(Collected data)
•••

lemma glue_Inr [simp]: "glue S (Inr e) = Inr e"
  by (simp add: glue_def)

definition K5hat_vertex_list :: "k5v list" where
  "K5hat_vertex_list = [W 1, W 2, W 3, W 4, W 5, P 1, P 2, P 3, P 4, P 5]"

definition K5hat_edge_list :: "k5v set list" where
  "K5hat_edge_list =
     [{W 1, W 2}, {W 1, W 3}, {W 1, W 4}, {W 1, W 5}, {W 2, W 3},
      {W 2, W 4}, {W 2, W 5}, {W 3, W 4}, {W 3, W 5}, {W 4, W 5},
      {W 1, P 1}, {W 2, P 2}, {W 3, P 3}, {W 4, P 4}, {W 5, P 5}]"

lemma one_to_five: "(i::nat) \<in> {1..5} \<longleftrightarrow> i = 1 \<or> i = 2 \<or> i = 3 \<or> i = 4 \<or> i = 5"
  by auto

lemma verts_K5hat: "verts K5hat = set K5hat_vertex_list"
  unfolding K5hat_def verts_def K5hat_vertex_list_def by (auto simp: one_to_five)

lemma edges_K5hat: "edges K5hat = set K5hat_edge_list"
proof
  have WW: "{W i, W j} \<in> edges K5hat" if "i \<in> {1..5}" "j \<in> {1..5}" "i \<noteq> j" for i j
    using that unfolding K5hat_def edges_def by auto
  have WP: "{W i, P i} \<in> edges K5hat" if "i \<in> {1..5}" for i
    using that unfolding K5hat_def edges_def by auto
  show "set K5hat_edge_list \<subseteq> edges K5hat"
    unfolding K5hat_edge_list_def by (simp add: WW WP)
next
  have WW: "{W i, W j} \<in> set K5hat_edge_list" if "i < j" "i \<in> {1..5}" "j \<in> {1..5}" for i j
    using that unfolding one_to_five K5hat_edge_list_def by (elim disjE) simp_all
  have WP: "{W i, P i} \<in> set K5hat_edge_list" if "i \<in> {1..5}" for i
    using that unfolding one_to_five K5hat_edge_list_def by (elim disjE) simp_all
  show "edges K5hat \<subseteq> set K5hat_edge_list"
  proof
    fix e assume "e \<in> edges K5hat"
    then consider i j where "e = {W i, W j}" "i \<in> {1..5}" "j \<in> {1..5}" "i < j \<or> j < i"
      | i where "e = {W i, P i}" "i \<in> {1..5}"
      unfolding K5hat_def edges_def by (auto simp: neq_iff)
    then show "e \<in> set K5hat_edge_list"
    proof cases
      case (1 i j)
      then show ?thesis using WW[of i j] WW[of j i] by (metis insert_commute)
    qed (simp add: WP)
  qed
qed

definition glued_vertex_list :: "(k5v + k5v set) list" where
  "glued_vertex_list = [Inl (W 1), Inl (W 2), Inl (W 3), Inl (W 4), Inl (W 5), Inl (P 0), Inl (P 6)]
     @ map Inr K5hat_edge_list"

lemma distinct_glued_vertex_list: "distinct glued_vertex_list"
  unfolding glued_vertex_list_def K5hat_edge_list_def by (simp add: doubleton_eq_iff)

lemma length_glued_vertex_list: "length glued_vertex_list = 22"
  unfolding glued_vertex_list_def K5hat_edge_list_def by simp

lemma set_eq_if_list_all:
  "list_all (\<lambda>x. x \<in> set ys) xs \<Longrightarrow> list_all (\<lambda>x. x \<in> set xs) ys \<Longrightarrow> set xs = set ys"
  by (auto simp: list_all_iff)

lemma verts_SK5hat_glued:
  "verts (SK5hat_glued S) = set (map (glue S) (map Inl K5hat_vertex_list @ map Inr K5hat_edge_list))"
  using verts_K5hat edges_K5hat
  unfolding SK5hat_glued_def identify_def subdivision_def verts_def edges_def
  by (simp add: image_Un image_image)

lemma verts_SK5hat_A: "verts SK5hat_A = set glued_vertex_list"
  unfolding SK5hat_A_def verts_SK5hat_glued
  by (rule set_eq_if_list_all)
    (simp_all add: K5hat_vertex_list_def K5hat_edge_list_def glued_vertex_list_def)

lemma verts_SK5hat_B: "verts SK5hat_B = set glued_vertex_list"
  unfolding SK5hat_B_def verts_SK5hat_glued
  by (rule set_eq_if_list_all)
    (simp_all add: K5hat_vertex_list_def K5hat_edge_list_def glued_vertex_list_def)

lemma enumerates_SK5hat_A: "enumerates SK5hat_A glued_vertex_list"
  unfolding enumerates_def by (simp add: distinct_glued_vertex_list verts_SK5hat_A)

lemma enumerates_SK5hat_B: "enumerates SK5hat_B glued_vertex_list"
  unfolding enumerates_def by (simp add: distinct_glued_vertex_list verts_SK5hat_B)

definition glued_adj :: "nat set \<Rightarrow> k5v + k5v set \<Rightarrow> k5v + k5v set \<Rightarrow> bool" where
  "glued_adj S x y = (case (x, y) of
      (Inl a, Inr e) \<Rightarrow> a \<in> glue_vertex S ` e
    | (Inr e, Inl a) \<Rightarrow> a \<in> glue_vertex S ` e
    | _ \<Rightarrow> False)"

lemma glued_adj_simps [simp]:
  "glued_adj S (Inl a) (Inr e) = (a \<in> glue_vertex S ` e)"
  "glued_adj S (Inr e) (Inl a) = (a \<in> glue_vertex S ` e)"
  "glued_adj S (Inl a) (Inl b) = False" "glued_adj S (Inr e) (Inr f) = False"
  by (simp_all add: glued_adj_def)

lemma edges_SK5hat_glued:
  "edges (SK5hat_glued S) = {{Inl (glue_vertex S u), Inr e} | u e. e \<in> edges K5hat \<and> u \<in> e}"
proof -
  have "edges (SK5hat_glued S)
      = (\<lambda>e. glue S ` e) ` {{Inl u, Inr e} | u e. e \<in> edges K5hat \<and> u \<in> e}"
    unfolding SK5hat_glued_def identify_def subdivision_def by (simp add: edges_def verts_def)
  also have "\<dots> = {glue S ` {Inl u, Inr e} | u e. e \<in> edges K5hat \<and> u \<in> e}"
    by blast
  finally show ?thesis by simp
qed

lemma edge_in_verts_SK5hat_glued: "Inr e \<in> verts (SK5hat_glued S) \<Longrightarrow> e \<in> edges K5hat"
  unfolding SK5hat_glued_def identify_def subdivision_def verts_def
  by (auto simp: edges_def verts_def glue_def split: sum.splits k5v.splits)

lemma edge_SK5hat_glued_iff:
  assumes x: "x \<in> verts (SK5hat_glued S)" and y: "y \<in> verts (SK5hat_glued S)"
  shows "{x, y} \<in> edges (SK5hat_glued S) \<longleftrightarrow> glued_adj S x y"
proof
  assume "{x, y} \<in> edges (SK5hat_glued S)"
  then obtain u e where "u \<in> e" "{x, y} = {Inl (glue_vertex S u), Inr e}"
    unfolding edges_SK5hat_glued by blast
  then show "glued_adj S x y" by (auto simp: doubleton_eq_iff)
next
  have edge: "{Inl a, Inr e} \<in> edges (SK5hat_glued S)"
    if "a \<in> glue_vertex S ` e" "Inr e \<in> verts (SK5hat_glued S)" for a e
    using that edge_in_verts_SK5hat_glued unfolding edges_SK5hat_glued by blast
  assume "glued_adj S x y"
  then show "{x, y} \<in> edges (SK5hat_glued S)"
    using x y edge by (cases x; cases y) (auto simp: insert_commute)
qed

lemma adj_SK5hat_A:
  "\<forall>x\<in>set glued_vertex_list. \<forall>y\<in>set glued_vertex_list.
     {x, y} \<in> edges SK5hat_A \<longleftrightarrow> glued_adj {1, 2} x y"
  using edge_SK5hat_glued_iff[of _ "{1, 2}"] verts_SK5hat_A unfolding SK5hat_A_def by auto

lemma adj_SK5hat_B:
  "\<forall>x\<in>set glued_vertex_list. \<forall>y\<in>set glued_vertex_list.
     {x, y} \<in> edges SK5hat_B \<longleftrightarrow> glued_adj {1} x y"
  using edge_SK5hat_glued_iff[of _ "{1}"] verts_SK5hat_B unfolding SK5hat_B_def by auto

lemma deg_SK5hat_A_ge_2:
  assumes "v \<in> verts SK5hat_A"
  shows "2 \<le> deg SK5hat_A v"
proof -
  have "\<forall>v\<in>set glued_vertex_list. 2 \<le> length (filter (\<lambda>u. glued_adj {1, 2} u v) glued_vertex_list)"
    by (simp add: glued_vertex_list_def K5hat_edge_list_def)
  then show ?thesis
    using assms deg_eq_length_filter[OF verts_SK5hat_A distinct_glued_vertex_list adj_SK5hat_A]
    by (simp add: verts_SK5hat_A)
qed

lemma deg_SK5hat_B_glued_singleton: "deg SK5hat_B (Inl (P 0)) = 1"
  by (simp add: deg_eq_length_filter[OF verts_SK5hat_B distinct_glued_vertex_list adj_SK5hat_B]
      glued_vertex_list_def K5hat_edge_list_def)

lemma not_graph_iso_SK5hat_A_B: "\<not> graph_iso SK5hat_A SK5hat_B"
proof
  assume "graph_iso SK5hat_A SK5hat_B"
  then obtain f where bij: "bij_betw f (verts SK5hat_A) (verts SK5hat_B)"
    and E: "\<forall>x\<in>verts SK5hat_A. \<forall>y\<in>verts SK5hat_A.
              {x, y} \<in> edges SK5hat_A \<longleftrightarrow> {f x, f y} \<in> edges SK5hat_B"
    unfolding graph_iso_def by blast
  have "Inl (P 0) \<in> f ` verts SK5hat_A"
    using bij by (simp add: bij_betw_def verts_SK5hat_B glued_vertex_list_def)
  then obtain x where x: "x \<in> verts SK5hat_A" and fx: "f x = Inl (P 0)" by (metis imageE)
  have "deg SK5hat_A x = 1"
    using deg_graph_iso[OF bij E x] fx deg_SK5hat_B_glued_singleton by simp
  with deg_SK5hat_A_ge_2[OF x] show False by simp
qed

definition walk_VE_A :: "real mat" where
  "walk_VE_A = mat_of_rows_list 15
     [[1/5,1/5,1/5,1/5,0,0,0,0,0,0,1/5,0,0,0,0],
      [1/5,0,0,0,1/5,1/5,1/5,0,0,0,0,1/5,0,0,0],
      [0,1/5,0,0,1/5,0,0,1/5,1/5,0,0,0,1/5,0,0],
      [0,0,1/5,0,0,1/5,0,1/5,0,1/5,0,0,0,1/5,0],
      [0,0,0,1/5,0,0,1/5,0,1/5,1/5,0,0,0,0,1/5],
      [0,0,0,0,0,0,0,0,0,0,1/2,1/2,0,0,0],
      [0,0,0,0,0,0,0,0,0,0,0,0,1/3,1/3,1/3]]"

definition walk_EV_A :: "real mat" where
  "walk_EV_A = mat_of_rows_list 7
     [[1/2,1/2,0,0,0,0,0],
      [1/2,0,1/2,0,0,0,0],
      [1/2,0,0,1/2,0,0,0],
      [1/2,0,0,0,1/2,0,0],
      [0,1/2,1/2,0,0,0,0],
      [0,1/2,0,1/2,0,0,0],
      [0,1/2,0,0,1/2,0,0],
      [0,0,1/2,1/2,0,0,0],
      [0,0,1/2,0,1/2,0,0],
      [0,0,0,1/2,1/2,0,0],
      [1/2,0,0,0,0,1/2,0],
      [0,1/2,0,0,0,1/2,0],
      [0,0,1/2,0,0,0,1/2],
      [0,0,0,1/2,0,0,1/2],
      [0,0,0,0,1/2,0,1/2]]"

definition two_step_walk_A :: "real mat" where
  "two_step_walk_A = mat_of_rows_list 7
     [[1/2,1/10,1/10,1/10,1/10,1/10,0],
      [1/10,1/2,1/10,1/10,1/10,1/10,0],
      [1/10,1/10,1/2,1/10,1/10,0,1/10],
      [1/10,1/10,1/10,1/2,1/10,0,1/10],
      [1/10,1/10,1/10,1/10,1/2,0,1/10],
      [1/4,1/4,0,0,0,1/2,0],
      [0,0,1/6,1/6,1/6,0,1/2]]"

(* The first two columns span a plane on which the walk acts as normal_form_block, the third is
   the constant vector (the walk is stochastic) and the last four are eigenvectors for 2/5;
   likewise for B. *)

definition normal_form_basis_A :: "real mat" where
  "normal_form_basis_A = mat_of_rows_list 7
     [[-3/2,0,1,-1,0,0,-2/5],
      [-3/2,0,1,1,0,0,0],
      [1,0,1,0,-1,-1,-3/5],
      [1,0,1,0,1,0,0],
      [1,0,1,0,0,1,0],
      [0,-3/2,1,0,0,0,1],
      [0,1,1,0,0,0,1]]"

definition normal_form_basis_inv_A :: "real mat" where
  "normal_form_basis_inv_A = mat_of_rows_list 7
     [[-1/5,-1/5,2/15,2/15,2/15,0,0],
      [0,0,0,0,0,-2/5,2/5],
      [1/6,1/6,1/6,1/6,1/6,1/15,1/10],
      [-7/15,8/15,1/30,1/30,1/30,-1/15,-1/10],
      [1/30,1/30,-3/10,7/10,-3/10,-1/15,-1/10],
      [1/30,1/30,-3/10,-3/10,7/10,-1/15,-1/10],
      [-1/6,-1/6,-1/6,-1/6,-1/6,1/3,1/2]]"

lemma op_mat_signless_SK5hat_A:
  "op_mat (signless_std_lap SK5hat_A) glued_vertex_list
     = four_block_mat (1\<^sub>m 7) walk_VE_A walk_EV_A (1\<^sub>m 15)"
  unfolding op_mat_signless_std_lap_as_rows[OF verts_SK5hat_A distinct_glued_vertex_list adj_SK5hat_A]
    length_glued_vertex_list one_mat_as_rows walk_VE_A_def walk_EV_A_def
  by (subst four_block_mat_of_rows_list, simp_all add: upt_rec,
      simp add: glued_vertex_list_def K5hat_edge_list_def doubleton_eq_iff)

•••

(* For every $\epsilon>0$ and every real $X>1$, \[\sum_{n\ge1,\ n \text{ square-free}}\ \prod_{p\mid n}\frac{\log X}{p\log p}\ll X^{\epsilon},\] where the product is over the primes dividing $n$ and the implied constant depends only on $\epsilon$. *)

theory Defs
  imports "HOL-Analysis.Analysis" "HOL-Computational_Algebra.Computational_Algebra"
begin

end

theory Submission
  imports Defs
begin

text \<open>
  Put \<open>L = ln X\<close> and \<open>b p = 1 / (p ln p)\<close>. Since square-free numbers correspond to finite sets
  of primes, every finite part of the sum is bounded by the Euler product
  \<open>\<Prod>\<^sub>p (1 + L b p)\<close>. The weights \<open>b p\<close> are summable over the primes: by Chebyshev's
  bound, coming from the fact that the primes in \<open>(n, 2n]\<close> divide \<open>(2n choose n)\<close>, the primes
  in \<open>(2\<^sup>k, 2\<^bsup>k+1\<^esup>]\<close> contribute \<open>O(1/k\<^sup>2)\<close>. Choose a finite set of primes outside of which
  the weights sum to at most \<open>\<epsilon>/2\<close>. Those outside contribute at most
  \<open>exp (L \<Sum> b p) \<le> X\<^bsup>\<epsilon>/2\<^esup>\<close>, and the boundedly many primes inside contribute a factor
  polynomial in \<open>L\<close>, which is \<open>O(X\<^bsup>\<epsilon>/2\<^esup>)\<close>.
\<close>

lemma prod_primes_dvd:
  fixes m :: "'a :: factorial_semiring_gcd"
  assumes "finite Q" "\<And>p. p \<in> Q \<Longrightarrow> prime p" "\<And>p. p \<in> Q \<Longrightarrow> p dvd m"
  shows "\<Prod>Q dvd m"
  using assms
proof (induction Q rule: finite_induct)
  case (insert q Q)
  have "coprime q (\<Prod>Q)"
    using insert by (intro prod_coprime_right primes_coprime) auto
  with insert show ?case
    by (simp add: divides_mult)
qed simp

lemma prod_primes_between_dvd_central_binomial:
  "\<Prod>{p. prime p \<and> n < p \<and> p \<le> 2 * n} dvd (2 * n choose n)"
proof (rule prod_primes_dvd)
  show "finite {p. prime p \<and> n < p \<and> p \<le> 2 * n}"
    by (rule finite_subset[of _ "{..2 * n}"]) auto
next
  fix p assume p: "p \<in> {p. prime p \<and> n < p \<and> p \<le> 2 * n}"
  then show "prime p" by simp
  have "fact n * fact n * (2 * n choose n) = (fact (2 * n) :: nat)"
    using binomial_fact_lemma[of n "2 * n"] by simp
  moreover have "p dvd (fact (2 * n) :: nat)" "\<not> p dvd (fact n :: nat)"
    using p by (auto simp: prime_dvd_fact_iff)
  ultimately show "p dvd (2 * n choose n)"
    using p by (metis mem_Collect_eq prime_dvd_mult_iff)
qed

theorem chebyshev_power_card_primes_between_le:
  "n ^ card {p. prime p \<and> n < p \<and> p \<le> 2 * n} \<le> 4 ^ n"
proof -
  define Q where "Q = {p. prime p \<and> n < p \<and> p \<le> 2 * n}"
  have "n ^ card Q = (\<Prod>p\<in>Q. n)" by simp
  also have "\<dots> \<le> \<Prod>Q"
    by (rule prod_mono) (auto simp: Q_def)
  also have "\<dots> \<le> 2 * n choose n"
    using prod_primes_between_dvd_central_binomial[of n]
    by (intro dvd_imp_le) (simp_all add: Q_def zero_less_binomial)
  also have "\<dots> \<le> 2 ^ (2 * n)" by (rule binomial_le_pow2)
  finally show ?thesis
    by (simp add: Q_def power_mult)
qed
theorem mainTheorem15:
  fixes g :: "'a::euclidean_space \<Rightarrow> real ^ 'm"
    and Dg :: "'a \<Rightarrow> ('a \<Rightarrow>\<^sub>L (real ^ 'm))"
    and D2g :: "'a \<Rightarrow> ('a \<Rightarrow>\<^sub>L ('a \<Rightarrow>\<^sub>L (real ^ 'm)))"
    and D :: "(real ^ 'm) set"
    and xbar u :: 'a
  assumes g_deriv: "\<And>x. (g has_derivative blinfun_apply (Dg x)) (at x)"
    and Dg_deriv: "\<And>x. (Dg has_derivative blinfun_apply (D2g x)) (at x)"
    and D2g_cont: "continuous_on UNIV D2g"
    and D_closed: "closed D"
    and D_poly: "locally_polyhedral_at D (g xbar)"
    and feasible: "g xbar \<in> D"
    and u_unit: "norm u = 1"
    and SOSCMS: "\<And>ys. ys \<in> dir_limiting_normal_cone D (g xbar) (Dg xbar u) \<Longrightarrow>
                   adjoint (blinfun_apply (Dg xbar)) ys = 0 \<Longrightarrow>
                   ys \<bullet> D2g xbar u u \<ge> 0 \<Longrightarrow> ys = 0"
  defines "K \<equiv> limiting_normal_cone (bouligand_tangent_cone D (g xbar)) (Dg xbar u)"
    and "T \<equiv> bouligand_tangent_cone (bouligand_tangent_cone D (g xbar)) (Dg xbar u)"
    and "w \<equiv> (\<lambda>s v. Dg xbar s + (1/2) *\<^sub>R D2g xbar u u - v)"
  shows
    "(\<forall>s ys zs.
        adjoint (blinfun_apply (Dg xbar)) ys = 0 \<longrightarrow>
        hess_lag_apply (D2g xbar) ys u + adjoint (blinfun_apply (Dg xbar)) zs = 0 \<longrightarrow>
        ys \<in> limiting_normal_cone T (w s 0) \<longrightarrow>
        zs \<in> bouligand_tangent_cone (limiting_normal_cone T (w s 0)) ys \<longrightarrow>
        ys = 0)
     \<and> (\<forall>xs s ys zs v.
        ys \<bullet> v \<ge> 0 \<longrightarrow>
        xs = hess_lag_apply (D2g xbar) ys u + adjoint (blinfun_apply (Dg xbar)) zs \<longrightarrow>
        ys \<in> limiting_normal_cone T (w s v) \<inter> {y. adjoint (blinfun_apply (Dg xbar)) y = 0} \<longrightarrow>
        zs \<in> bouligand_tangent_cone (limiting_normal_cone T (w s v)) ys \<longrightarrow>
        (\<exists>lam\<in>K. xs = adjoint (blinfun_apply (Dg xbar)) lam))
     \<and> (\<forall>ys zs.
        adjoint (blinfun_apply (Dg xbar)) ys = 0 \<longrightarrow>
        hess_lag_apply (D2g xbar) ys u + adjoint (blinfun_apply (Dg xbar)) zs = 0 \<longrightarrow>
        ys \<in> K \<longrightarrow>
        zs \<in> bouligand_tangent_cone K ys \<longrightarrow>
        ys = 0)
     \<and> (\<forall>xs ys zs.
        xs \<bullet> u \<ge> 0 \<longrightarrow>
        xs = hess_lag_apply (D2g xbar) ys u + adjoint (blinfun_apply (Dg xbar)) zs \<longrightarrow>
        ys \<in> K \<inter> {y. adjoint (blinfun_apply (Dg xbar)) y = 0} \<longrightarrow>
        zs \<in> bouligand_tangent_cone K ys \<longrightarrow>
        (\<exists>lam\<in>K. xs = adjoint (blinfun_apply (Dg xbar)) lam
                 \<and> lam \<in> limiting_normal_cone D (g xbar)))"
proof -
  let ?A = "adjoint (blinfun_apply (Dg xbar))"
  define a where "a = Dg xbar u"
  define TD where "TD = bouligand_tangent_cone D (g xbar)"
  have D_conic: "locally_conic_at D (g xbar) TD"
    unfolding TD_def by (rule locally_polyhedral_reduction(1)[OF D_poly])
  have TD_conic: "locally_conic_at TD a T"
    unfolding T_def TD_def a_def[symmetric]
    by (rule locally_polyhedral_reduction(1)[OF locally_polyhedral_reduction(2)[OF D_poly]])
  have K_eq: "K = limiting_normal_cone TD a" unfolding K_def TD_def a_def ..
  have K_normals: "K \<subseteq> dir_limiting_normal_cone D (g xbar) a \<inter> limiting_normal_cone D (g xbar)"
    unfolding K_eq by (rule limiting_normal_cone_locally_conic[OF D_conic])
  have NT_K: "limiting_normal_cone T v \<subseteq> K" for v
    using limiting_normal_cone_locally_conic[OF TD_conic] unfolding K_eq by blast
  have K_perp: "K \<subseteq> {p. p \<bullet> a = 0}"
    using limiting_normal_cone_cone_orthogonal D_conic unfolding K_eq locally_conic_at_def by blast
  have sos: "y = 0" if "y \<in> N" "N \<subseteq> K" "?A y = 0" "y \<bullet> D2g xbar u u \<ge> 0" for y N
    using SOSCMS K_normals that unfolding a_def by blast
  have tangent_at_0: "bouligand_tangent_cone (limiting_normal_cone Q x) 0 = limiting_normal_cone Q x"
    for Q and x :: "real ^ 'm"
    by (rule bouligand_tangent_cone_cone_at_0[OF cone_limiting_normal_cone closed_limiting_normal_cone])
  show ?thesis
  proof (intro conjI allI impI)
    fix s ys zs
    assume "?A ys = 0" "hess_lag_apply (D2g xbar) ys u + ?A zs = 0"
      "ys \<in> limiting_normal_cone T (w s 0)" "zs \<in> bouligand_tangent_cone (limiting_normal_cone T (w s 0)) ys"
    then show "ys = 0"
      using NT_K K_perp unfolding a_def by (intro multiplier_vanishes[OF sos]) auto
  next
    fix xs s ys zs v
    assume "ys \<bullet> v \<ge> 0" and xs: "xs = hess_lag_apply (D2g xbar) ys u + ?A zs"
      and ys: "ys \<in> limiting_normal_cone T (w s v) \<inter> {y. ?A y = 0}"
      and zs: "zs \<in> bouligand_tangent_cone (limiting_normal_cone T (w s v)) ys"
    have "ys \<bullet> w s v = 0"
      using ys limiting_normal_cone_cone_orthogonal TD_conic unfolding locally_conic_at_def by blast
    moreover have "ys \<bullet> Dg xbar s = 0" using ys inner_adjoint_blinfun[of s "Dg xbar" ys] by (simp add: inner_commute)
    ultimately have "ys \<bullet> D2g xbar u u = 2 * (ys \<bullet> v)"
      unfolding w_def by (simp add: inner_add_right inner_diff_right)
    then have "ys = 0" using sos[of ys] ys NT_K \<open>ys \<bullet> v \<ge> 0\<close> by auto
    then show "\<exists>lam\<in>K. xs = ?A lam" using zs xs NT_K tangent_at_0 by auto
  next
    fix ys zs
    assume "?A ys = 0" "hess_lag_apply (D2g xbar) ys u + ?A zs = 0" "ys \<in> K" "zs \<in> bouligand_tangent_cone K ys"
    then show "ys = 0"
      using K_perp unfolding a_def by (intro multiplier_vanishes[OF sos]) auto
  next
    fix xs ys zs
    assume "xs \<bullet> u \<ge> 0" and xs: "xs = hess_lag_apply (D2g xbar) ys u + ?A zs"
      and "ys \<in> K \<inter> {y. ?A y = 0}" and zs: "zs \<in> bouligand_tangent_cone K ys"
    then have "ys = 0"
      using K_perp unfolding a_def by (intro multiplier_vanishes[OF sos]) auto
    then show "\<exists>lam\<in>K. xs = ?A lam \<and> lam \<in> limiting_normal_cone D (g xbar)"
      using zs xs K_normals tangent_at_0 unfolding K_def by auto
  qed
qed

•••

Each line above from the one with "(Inr e) = Inr" up to and including the one with "fix e assume" must be set down exactly, and no line outside that span may appear.

* **Finished exercise**
lemma glue_Inr [simp]: "glue S (Inr e) = Inr e"
  by (simp add: glue_def)

definition K5hat_vertex_list :: "k5v list" where
  "K5hat_vertex_list = [W 1, W 2, W 3, W 4, W 5, P 1, P 2, P 3, P 4, P 5]"

definition K5hat_edge_list :: "k5v set list" where
  "K5hat_edge_list =
     [{W 1, W 2}, {W 1, W 3}, {W 1, W 4}, {W 1, W 5}, {W 2, W 3},
      {W 2, W 4}, {W 2, W 5}, {W 3, W 4}, {W 3, W 5}, {W 4, W 5},
      {W 1, P 1}, {W 2, P 2}, {W 3, P 3}, {W 4, P 4}, {W 5, P 5}]"

lemma one_to_five: "(i::nat) \<in> {1..5} \<longleftrightarrow> i = 1 \<or> i = 2 \<or> i = 3 \<or> i = 4 \<or> i = 5"
  by auto

lemma verts_K5hat: "verts K5hat = set K5hat_vertex_list"
  unfolding K5hat_def verts_def K5hat_vertex_list_def by (auto simp: one_to_five)

lemma edges_K5hat: "edges K5hat = set K5hat_edge_list"
proof
  have WW: "{W i, W j} \<in> edges K5hat" if "i \<in> {1..5}" "j \<in> {1..5}" "i \<noteq> j" for i j
    using that unfolding K5hat_def edges_def by auto
  have WP: "{W i, P i} \<in> edges K5hat" if "i \<in> {1..5}" for i
    using that unfolding K5hat_def edges_def by auto
  show "set K5hat_edge_list \<subseteq> edges K5hat"
    unfolding K5hat_edge_list_def by (simp add: WW WP)
next
  have WW: "{W i, W j} \<in> set K5hat_edge_list" if "i < j" "i \<in> {1..5}" "j \<in> {1..5}" for i j
    using that unfolding one_to_five K5hat_edge_list_def by (elim disjE) simp_all
  have WP: "{W i, P i} \<in> set K5hat_edge_list" if "i \<in> {1..5}" for i
    using that unfolding one_to_five K5hat_edge_list_def by (elim disjE) simp_all
  show "edges K5hat \<subseteq> set K5hat_edge_list"
  proof
    fix e assume "e \<in> edges K5hat"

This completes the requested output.